[Supplied records]

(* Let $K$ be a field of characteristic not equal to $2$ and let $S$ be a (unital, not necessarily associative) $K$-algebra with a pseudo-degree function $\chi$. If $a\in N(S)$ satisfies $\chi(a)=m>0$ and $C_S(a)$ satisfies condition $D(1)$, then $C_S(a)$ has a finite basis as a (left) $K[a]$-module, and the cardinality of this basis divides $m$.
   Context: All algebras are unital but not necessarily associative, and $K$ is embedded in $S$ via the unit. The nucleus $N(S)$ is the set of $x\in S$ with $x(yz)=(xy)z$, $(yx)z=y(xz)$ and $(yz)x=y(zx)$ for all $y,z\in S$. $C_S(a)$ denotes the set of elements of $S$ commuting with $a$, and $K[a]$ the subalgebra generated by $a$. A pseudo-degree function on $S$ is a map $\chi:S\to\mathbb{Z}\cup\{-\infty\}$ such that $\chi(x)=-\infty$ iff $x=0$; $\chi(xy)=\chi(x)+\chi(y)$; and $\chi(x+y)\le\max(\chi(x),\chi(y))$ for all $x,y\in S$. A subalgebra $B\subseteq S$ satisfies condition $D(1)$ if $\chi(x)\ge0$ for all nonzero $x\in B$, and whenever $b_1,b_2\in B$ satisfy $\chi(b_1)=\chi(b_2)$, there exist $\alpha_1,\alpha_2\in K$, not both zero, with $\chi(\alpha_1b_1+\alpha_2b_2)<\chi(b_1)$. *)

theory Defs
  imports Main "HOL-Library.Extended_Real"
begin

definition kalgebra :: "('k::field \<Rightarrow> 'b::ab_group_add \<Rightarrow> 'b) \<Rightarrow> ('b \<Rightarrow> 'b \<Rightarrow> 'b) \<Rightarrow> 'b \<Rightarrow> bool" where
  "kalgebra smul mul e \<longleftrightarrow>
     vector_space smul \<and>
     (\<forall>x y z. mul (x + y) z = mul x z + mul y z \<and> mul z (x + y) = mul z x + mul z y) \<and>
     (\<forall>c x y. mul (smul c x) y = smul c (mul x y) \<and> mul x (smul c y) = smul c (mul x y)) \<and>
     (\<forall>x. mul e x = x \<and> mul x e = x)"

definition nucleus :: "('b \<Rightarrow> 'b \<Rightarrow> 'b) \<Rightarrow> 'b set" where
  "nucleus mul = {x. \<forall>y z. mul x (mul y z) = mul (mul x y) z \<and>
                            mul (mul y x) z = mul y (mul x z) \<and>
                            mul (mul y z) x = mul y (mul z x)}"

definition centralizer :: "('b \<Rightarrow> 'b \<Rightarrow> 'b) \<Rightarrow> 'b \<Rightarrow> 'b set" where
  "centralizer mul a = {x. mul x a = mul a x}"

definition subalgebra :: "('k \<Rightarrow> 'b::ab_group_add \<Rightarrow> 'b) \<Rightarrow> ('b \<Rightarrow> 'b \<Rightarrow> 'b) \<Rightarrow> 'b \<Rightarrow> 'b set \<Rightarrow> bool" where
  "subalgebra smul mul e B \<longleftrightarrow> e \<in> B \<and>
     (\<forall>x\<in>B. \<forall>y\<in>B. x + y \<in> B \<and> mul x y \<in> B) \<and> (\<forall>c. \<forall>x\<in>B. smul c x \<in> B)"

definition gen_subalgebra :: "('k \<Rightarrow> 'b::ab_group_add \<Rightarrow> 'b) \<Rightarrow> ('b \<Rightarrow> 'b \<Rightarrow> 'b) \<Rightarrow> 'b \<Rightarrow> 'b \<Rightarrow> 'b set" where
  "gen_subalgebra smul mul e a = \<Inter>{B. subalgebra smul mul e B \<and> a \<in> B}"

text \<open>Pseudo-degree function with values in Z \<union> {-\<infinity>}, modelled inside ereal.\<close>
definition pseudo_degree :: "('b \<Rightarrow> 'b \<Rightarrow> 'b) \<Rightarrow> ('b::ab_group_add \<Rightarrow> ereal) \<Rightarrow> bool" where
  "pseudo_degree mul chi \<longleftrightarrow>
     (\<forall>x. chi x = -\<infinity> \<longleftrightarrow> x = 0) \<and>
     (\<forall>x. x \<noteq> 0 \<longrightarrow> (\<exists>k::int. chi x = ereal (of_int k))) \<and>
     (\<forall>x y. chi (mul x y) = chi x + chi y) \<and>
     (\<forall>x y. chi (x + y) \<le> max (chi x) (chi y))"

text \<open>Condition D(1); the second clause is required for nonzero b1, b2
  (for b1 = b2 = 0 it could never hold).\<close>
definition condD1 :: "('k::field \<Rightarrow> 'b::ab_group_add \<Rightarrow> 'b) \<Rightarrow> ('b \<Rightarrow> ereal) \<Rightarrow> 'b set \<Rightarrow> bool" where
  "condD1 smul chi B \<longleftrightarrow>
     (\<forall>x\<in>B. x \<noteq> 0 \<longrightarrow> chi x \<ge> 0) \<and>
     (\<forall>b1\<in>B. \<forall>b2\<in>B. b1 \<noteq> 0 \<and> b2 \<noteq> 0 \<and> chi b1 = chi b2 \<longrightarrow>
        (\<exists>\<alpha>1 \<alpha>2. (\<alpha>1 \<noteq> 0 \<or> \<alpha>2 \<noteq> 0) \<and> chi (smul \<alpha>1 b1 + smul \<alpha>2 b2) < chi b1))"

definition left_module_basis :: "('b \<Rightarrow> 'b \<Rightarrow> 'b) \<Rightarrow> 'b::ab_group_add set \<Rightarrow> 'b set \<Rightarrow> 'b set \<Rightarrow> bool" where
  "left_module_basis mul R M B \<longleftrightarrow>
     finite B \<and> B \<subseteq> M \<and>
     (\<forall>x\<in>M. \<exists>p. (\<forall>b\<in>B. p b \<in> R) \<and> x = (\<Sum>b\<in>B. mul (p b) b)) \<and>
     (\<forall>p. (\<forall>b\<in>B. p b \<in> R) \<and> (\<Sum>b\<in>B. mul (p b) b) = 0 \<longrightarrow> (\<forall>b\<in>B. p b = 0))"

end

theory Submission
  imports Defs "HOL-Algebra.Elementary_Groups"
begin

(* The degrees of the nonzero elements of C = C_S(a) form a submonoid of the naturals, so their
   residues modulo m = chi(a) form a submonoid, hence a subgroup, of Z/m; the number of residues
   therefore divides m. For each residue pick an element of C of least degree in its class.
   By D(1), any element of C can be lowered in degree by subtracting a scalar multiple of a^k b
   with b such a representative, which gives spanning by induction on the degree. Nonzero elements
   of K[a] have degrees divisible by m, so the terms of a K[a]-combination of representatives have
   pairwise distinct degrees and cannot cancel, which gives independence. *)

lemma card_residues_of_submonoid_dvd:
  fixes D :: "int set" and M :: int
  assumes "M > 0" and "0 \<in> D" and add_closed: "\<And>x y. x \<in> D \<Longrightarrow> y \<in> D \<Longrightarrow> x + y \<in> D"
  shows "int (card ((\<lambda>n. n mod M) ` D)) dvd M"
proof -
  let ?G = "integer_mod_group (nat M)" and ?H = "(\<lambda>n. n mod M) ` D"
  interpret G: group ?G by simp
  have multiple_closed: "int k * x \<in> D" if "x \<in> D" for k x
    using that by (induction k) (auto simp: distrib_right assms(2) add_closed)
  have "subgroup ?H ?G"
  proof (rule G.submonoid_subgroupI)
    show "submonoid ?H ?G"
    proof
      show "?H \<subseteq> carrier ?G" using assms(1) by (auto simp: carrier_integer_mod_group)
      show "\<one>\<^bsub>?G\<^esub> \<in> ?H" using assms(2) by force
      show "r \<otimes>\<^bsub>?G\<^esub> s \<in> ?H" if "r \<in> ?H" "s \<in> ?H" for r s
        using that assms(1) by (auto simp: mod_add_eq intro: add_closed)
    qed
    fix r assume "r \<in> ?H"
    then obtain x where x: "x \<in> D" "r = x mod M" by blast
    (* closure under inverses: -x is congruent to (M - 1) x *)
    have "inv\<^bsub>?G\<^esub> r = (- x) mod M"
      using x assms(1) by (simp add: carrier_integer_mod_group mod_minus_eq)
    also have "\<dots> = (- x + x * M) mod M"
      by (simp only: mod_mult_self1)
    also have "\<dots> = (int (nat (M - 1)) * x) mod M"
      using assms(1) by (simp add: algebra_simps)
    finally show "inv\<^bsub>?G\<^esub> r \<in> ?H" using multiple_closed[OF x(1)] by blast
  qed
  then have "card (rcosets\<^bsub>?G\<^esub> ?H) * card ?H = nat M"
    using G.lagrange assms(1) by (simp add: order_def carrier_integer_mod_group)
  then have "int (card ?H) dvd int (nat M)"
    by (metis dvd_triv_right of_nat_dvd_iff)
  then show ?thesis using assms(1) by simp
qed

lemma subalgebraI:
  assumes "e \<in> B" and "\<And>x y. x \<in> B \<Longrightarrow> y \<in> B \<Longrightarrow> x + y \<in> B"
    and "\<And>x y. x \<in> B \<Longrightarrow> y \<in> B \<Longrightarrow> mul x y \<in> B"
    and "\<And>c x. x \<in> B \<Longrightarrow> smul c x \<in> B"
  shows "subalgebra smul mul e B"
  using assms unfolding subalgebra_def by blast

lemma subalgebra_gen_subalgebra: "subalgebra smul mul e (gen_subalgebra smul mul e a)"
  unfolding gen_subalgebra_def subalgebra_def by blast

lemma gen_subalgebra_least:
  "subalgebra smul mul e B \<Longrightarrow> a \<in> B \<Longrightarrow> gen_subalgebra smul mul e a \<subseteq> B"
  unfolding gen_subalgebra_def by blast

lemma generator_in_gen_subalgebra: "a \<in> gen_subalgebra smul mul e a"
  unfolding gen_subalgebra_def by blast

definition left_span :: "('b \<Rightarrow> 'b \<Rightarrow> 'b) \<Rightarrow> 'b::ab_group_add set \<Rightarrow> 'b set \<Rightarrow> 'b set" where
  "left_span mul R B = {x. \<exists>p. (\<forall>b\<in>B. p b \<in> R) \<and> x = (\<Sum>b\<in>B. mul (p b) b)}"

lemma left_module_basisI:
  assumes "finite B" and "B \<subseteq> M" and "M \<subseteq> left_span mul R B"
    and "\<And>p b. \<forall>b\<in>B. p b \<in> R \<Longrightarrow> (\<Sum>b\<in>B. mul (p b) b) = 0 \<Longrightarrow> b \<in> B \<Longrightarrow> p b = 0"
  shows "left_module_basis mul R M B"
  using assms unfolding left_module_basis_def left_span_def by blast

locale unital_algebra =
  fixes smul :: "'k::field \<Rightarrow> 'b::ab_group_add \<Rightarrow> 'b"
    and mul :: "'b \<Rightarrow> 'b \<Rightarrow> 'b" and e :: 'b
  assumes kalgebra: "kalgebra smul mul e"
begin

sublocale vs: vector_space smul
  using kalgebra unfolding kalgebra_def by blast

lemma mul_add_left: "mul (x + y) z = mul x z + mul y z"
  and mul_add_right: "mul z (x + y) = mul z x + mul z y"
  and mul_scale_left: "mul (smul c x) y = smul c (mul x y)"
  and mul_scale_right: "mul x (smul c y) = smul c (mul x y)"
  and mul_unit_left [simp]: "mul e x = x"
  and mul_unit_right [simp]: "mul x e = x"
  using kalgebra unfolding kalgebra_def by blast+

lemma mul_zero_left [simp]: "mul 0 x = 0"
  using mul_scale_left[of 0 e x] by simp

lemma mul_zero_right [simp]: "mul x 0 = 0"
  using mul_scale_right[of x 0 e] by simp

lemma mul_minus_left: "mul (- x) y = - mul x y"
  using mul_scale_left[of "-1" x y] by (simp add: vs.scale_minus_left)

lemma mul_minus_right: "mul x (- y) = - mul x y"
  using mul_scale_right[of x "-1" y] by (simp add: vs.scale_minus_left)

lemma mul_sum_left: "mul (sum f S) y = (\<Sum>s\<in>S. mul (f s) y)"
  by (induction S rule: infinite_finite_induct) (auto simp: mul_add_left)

[/Supplied records]

● Work request
Which lines of the data hold the string "auto"? Return each of them.

● Solution to the exercise
    using that by (induction k) (auto simp: distrib_right assms(2) add_closed)
      show "?H \<subseteq> carrier ?G" using assms(1) by (auto simp: carrier_integer_mod_group)
        using that assms(1) by (auto simp: mod_add_eq intro: add_closed)
  by (induction S rule: infinite_finite_induct) (auto simp: mul_add_left)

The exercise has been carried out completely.